John Lewis plans store reopenings, mulls services joint venture
Apr 27, 2020
The John Lewis Partnership is working on its reopening plan but is also said to be considering a future that’s substantially different from its past with talk of an outside partner being brought in to finance a big move into services and away from such a strong reliance on retail.
At present, the partnership’s chain of Waitrose supermarkets remains open but all 50 of its John Lewis department stores are closed.
The company is reopening its textiles factory (which usually makes home furnishings) to make clinical gowns for the NHS, and is also working out how its department stores can make a comeback.
Executive director of operations Andrew Murphy told the Mail on Sunday that those stores could start to open in mid-May, although the company is still dependent on getting the go-ahead from the government to do so.
He also said that a full reopening would take between three and six weeks to complete with the firm working on various scenarios that would see different sizes of shops opening at different times.
Around 20 of its shops have large car parks and are less dependent on crowded public transport for its staff to get to work, so these would be likely to open first. The big flagships such as its Oxford Street store in London and others in key cities would be likely to be among the last to reopen.

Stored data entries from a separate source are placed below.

(* Let $\mathcal O$ be the suboperad of $\mathrm{CNCB}$ generated by $p:=T_{bbu}$ and $q:=T_{uub}$. Then $\mathcal O$ admits the presentation with generators $p,q$ of arity $2$ and relations $$(p\circ_2 p)\circ_2 q=(p\circ_1 q)\circ_1 p,\qquad (q\circ_2 q)\circ_2 p=(q\circ_1 p)\circ_1 q.$$ That is, $\mathcal O$ is isomorphic, via the morphism sending the generators to $p$ and $q$, to the quotient of the free operad on two binary generators by the operadic congruence generated by these two relations.
   Context: For $n\ge2$, a bicoloured noncrossing configuration (BNC) of size $n$ is a regular polygon with vertices $1,\dots,n+1$ clockwise, together with disjoint sets of blue and red arcs among the arcs $(i,j)$, $1\le i<j\le n+1$. The arcs $(i,i+1)$ are the edges ($i$th edge), $(1,n+1)$ is the base, and the others are diagonals. Coloured arcs are pairwise noncrossing ($(i,j),(k,l)$ cross iff $i<k<j<l$ or $k<i<l<j$), and red arcs are diagonals. There is one BNC of size $1$, a blue segment, which is the unit. The operad $\mathrm{CNCB}$ has the BNCs as elements (arity = size). Its composition $\mathfrak C\circ_i\mathfrak D$ ($\mathfrak C$ of size $n$, $\mathfrak D$ of size $m$) glues the base of $\mathfrak D$ on the $i$th edge of $\mathfrak C$. Arcs $(a,b)$ of $\mathfrak C$ become $(\sigma(a),\sigma(b))$ with $\sigma(v)=v$ for $v\le i$ and $v+m-1$ otherwise, and arcs $(a,b)$ of $\mathfrak D$ become $(a+i-1,b+i-1)$, keeping colours. The exception is the arc $(i,i+m)$, which is red if the $i$th edge of $\mathfrak C$ and the base of $\mathfrak D$ are both uncoloured, blue if both are blue, and uncoloured otherwise. For $x,y,z\in\{b,u\}$, $T_{xyz}$ denotes the BNC of size $2$ (a triangle with vertices $1,2,3$) whose first edge $(1,2)$ has colour $x$, whose base $(1,3)$ has colour $y$, and whose second edge $(2,3)$ has colour $z$, where $b$ = blue and $u$ = uncoloured. The suboperad generated by a set is the smallest suboperad containing it. *)

theory Defs
  imports Main
begin

text \<open>A BNC of size n is represented by its size, its set of blue arcs and its set
  of red arcs.  Vertices are 1..n+1, an arc (i,j) has 1 <= i < j <= n+1.\<close>

datatype bnc = BNC nat "(nat \<times> nat) set" "(nat \<times> nat) set"

fun bsize :: "bnc \<Rightarrow> nat" where "bsize (BNC n B R) = n"
fun blues :: "bnc \<Rightarrow> (nat \<times> nat) set" where "blues (BNC n B R) = B"
fun reds :: "bnc \<Rightarrow> (nat \<times> nat) set" where "reds (BNC n B R) = R"

definition arc_of :: "nat \<Rightarrow> nat \<times> nat \<Rightarrow> bool" where
  "arc_of n a \<longleftrightarrow> 1 \<le> fst a \<and> fst a < snd a \<and> snd a \<le> n + 1"

definition crossing :: "nat \<times> nat \<Rightarrow> nat \<times> nat \<Rightarrow> bool" where
  "crossing a c \<longleftrightarrow> (case a of (i, j) \<Rightarrow> case c of (k, l) \<Rightarrow>
       (i < k \<and> k < j \<and> j < l) \<or> (k < i \<and> i < l \<and> l < j))"

definition is_diagonal :: "nat \<Rightarrow> nat \<times> nat \<Rightarrow> bool" where
  "is_diagonal n a \<longleftrightarrow> arc_of n a \<and> snd a \<noteq> fst a + 1 \<and> a \<noteq> (1, n + 1)"

definition is_bnc :: "bnc \<Rightarrow> bool" where
  "is_bnc C \<longleftrightarrow> (case C of BNC n B R \<Rightarrow>
     n \<ge> 1 \<and>
     (n = 1 \<longrightarrow> B = {(1, 2)} \<and> R = {}) \<and>
     (\<forall>a\<in>B \<union> R. arc_of n a) \<and> B \<inter> R = {} \<and>
     (\<forall>a\<in>R. is_diagonal n a) \<and>
     (\<forall>a\<in>B \<union> R. \<forall>c\<in>B \<union> R. \<not> crossing a c))"

definition bnc_unit :: bnc where
  "bnc_unit = BNC 1 {(1, 2)} {}"

text \<open>Partial composition C o_i D: glue the base of D on the i-th edge of C.\<close>
definition bnc_comp :: "bnc \<Rightarrow> nat \<Rightarrow> bnc \<Rightarrow> bnc" where
  "bnc_comp C i D =
    (let n = bsize C; m = bsize D;
         \<sigma> = (\<lambda>v. if v \<le> i then v else v + m - 1);
         mapC = (\<lambda>S. {(\<sigma> a, \<sigma> b) | a b. (a, b) \<in> S \<and> (a, b) \<noteq> (i, i + 1)});
         mapD = (\<lambda>S. {(a + i - 1, b + i - 1) | a b. (a, b) \<in> S \<and> (a, b) \<noteq> (1, m + 1)});
         eC = (i, i + 1); bD = (1, m + 1);
         newB = (if eC \<in> blues C \<and> bD \<in> blues D then {(i, i + m)} else {});
         newR = (if eC \<notin> blues C \<union> reds C \<and> bD \<notin> blues D \<union> reds D
                 then {(i, i + m)} else {})
     in BNC (n + m - 1)
            (mapC (blues C) \<union> mapD (blues D) \<union> newB)
            (mapC (reds C) \<union> mapD (reds D) \<union> newR))"

text \<open>T_xyz: first edge (1,2) colour x, base (1,3) colour y, second edge (2,3) colour z.\<close>
definition T_bbu :: bnc where "T_bbu = BNC 2 {(1, 2), (1, 3)} {}"
definition T_uub :: bnc where "T_uub = BNC 2 {(2, 3)} {}"

inductive_set generated_suboperad :: "bnc set \<Rightarrow> bnc set" for S where
  gen: "x \<in> S \<Longrightarrow> x \<in> generated_suboperad S"
| unit: "bnc_unit \<in> generated_suboperad S"
| comp: "x \<in> generated_suboperad S \<Longrightarrow> y \<in> generated_suboperad S \<Longrightarrow>
         1 \<le> i \<Longrightarrow> i \<le> bsize x \<Longrightarrow> bnc_comp x i y \<in> generated_suboperad S"

datatype lab = GP | GQ
datatype tree = Leaf | Node lab tree tree

fun arity :: "tree \<Rightarrow> nat" where
  "arity Leaf = 1"
| "arity (Node g l r) = arity l + arity r"

fun tcomp :: "tree \<Rightarrow> nat \<Rightarrow> tree \<Rightarrow> tree" where
  "tcomp Leaf i s = (if i = 1 then s else Leaf)"
| "tcomp (Node g l r) i s =
     (if i \<le> arity l then Node g (tcomp l i s) r
      else Node g l (tcomp r (i - arity l) s))"

definition gp :: tree where "gp = Node GP Leaf Leaf"
definition gq :: tree where "gq = Node GQ Leaf Leaf"

inductive rels :: "tree \<Rightarrow> tree \<Rightarrow> bool" where
  "rels (tcomp (tcomp gp 2 gp) 2 gq) (tcomp (tcomp gp 1 gq) 1 gp)"
| "rels (tcomp (tcomp gq 2 gq) 2 gp) (tcomp (tcomp gq 1 gp) 1 gq)"

inductive op_cong :: "(tree \<Rightarrow> tree \<Rightarrow> bool) \<Rightarrow> tree \<Rightarrow> tree \<Rightarrow> bool" for \<rho> where
  base: "\<rho> t s \<Longrightarrow> op_cong \<rho> t s"
| refl: "op_cong \<rho> t t"
| sym: "op_cong \<rho> t s \<Longrightarrow> op_cong \<rho> s t"
| trans: "op_cong \<rho> t s \<Longrightarrow> op_cong \<rho> s u \<Longrightarrow> op_cong \<rho> t u"
| compL: "op_cong \<rho> t t' \<Longrightarrow> 1 \<le> i \<Longrightarrow> i \<le> arity t \<Longrightarrow>
          op_cong \<rho> (tcomp t i s) (tcomp t' i s)"
| compR: "op_cong \<rho> s s' \<Longrightarrow> 1 \<le> i \<Longrightarrow> i \<le> arity t \<Longrightarrow>
          op_cong \<rho> (tcomp t i s) (tcomp t i s')"

text \<open>The operad morphism from the free operad to CNCB sending the generators to
  p = T_bbu and q = T_uub (Node g l r = (g o_2 r) o_1 l in the free operad).\<close>
fun gen_val :: "lab \<Rightarrow> bnc" where
  "gen_val GP = T_bbu"
| "gen_val GQ = T_uub"

fun eval :: "tree \<Rightarrow> bnc" where
  "eval Leaf = bnc_unit"
| "eval (Node g l r) = bnc_comp (bnc_comp (gen_val g) 2 (eval r)) 1 (eval l)"

end

theory Submission
  imports Defs
begin

(* A tree t of the free operad is a dissection of the polygon with arity t + 1 vertices into
   triangles, one per node: the subtree occupying the leaves u, ..., v - 1 contributes the arc
   (u, v).  The configuration eval t consists of exactly these arcs, each coloured blue, red or
   not at all by a rule local to the node above it.  This explicit description makes eval an
   operad morphism, so its range is the generated suboperad.

   Injectivity modulo the relations goes by induction on the arity.  If eval t = eval s has a
   coloured diagonal, t and s both split along it as t1 o_u t2 and s1 o_u s2, and
   eval t1 = eval s1, eval t2 = eval s2 can be read off the two sides of the diagonal.
   Otherwise no diagonal is coloured, which forces the labels of t and s to alternate; the two
   relations then rotate such trees into a canonical comb, and a comb is determined by the
   colours of the edges of the polygon. *)

lemma arity_pos: "1 \<le> arity t"
  by (induction t) auto

lemma arity_Node_ge2: "2 \<le> arity (Node g l r)"
  using arity_pos[of l] arity_pos[of r] by simp

lemma arity_eq_1_iff: "arity t = 1 \<longleftrightarrow> t = Leaf"
proof (cases t)
  case (Node g l r)
  then show ?thesis using arity_Node_ge2[of g l r] by simp
qed simp

lemma arity_tcomp: "1 \<le> i \<Longrightarrow> i \<le> arity t \<Longrightarrow> arity (tcomp t i s) = arity t + arity s - 1"
  by (induction t arbitrary: i) (auto simp: arity_pos)

datatype colour = Blue | Red | Plain

(* The colour bnc_comp gives to the arc (i, i + m) created by gluing, when the i-th edge is blue
   iff e and the base glued onto it is blue iff b. *)
definition glue :: "bool \<Rightarrow> bool \<Rightarrow> colour" where
  "glue e b = (if e \<and> b then Blue else if \<not> e \<and> \<not> b then Red else Plain)"

lemma glue_inj: "glue e b = glue e' b' \<Longrightarrow> glue e b \<noteq> Plain \<Longrightarrow> e = e' \<and> b = b'"
  by (auto simp: glue_def split: if_splits)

But in addition to reopening plans, there’s also talk that the group could permanently close some of its less viable department stores following the lockdown. Such a move is already being seen at department store rival Debenhams, which is currently operating in administration and has just announced additional store closures.
John Lewis hasn't made any announcements, but a report in The Times on Monday said that still-new John Lewis chair Sharon White is looking at a number of radical plans for the company and wants to speed up change in response to the coronavirus.
The company is believed to be considering bringing in an outside investor to back a joint-venture that's all about services rather than retail. John Lewis already offers a certain number of services, such as curtain fitting and repairs, but is believed to be considering a much bigger move into this area.
However, any big move involving new finance wouldn’t be straightforward as the John Lewis Partnership is actually an employee-owned trust and therefore can't take the same actions as some privately-owned or publicly-listed companies could. The company would be unable to invite any outside investors to take a direct ownership stake in the firm, which is why a joint-venture (such as it has had with Ocado for grocery delivery) would be the most likely option.
There’s an urgent need to find long-lasting solutions to John Lewis’s problems. Although more successful than mid-market department store peers such as Debenhams and House of Fraser, the company that was once seen as unstoppable, has faced major challenges in recent periods. While its fashion business continued strongly before the coronavirus crisis hit, its crucial interiors offer was struggling. This led to challenges on the sales front and plunging profits.
A restructuring designed to deal with this under Sharon White’s predecessor Charlie Mayfield saw the Waitrose and John Lewis operations being brought closer together, but also led to the exit of key business leaders such as John Lewis’s Paula Nickolds.